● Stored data
<<<<

(* Grade the monomials X12^a X13^b X23^c of H by total degree a + b + c. By induction on
   a + b + c, the Schur polynomial with index (a + b, a + c, b + c) has X12^a X13^b X23^c as its
   unique monomial of maximal degree: multiplying the Schur polynomial one step lower by X12, X13
   or X23, the recurrence produces it as the (1,1)-term, whose coefficient K_{1,1} is nonzero,
   while the other three terms have smaller index sum and so, by induction, smaller degree.
   As (a, b, c) \<mapsto> (a + b, a + c, b + c) is a bijection from triples of naturals onto J, the
   family is triangular with nonzero diagonal with respect to the monomial basis. *)

section \<open>Monomial coefficients and total degree\<close>

(* (a, b, c) stands for X12^a X13^b X23^c; X23 is the outermost variable of H, X12 the innermost. *)
type_synonym monomial = "nat \<times> nat \<times> nat"

definition monom_coeff :: "H \<Rightarrow> monomial \<Rightarrow> complex" where
  "monom_coeff p m = (case m of (a, b, c) \<Rightarrow> coeff (coeff (coeff p c) b) a)"

definition monom_deg :: "monomial \<Rightarrow> nat" where
  "monom_deg m = (case m of (a, b, c) \<Rightarrow> a + b + c)"

definition tdeg_le :: "nat \<Rightarrow> H set" where
  "tdeg_le n = {p. \<forall>m. n < monom_deg m \<longrightarrow> monom_coeff p m = 0}"

lemma monom_coeff_0 [simp]: "monom_coeff 0 m = 0"
  by (simp add: monom_coeff_def split: prod.split)

lemma monom_coeff_1: "monom_coeff 1 m = (if m = (0, 0, 0) then 1 else 0)"
  by (auto simp: monom_coeff_def split: prod.split)

lemma monom_coeff_add [simp]: "monom_coeff (p + q) m = monom_coeff p m + monom_coeff q m"
  by (simp add: monom_coeff_def split: prod.split)

lemma monom_coeff_uminus [simp]: "monom_coeff (- p) m = - monom_coeff p m"
  by (simp add: monom_coeff_def split: prod.split)

lemma monom_coeff_diff [simp]: "monom_coeff (p - q) m = monom_coeff p m - monom_coeff q m"
  by (simp add: monom_coeff_def split: prod.split)

lemma monom_coeff_sc_mult [simp]: "monom_coeff (sc k * p) m = k * monom_coeff p m"
  by (simp add: monom_coeff_def sc_def split: prod.split)

lemma monom_coeff_sum [simp]: "monom_coeff (sum f S) m = (\<Sum>x\<in>S. monom_coeff (f x) m)"
  by (simp add: monom_coeff_def coeff_sum split: prod.split)

lemma H_eq_0I:
  assumes "\<And>m. monom_coeff p m = 0"
  shows "p = 0"
proof -
  have "coeff (coeff (coeff p c) b) a = 0" for a b c
    using assms[of "(a, b, c)"] by (simp add: monom_coeff_def)
  then show ?thesis
    by (simp add: poly_eq_iff)
qed

lemma finite_monom_support: "finite {m. monom_coeff p m \<noteq> 0}"
proof (rule finite_subset)
  show "{m. monom_coeff p m \<noteq> 0} \<subseteq>
      (\<Union>c\<le>degree p. \<Union>b\<le>degree (coeff p c). (\<lambda>a. (a, b, c)) ` {..degree (coeff (coeff p c) b)})"
    by (force simp: monom_coeff_def intro: le_degree)
qed auto

lemma finite_monom_deg_less: "finite {m. monom_deg m < n}"
  by (rule finite_subset[of _ "{..<n} \<times> {..<n} \<times> {..<n}"]) (auto simp: monom_deg_def)

lemma finite_monom_deg_eq: "finite {m. monom_deg m = n}"
  by (rule finite_subset[OF _ finite_monom_deg_less[of "Suc n"]]) auto

lemma tdeg_leD: "p \<in> tdeg_le n \<Longrightarrow> n < monom_deg m \<Longrightarrow> monom_coeff p m = 0"
  unfolding tdeg_le_def by blast

lemma tdeg_le_mono: "p \<in> tdeg_le n \<Longrightarrow> n \<le> k \<Longrightarrow> p \<in> tdeg_le k"
  by (simp add: tdeg_le_def)

lemma zero_in_tdeg_le [simp]: "0 \<in> tdeg_le n"
  by (simp add: tdeg_le_def)

lemma tdeg_le_add: "p \<in> tdeg_le n \<Longrightarrow> q \<in> tdeg_le n \<Longrightarrow> p + q \<in> tdeg_le n"
  by (simp add: tdeg_le_def)

lemma tdeg_le_uminus: "p \<in> tdeg_le n \<Longrightarrow> - p \<in> tdeg_le n"
  by (simp add: tdeg_le_def)

lemma tdeg_le_sc_mult: "p \<in> tdeg_le n \<Longrightarrow> sc k * p \<in> tdeg_le n"
  by (simp add: tdeg_le_def)

section \<open>Top monomials\<close>

definition top_monomial :: "H \<Rightarrow> monomial \<Rightarrow> bool" where
  "top_monomial p m \<longleftrightarrow> monom_coeff p m \<noteq> 0 \<and>
     (\<forall>m'. m' \<noteq> m \<longrightarrow> monom_deg m \<le> monom_deg m' \<longrightarrow> monom_coeff p m' = 0)"

lemma top_monomialI:
  "monom_coeff p m \<noteq> 0 \<Longrightarrow>
    (\<And>m'. m' \<noteq> m \<Longrightarrow> monom_deg m \<le> monom_deg m' \<Longrightarrow> monom_coeff p m' = 0) \<Longrightarrow>
    top_monomial p m"
  unfolding top_monomial_def by blast

lemma top_monomial_coeff_nonzero: "top_monomial p m \<Longrightarrow> monom_coeff p m \<noteq> 0"
  unfolding top_monomial_def by blast

lemma top_monomial_coeff_eq_0:
  "top_monomial p m \<Longrightarrow> m' \<noteq> m \<Longrightarrow> monom_deg m \<le> monom_deg m' \<Longrightarrow> monom_coeff p m' = 0"
  unfolding top_monomial_def by blast

lemma top_monomial_one: "top_monomial 1 (0, 0, 0)"
  by (rule top_monomialI) (simp_all add: monom_coeff_1)

lemma top_monomial_imp_tdeg_le: "top_monomial p m \<Longrightarrow> p \<in> tdeg_le (monom_deg m)"
  unfolding tdeg_le_def using top_monomial_coeff_eq_0 by fastforce

lemma top_monomial_add_lower:
  assumes "top_monomial p m" and "r \<in> tdeg_le n" and "n < monom_deg m"
  shows "top_monomial (p + r) m"
  using assms tdeg_leD[OF assms(2)]
  by (intro top_monomialI) (auto simp: top_monomial_coeff_nonzero top_monomial_coeff_eq_0)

>>>>

● Work order
Filter the entries down to the lines holding the string "close". Copy each of those lines.

● Expected output
section \<open>Monomial coefficients and total degree\<close>
section \<open>Top monomials\<close>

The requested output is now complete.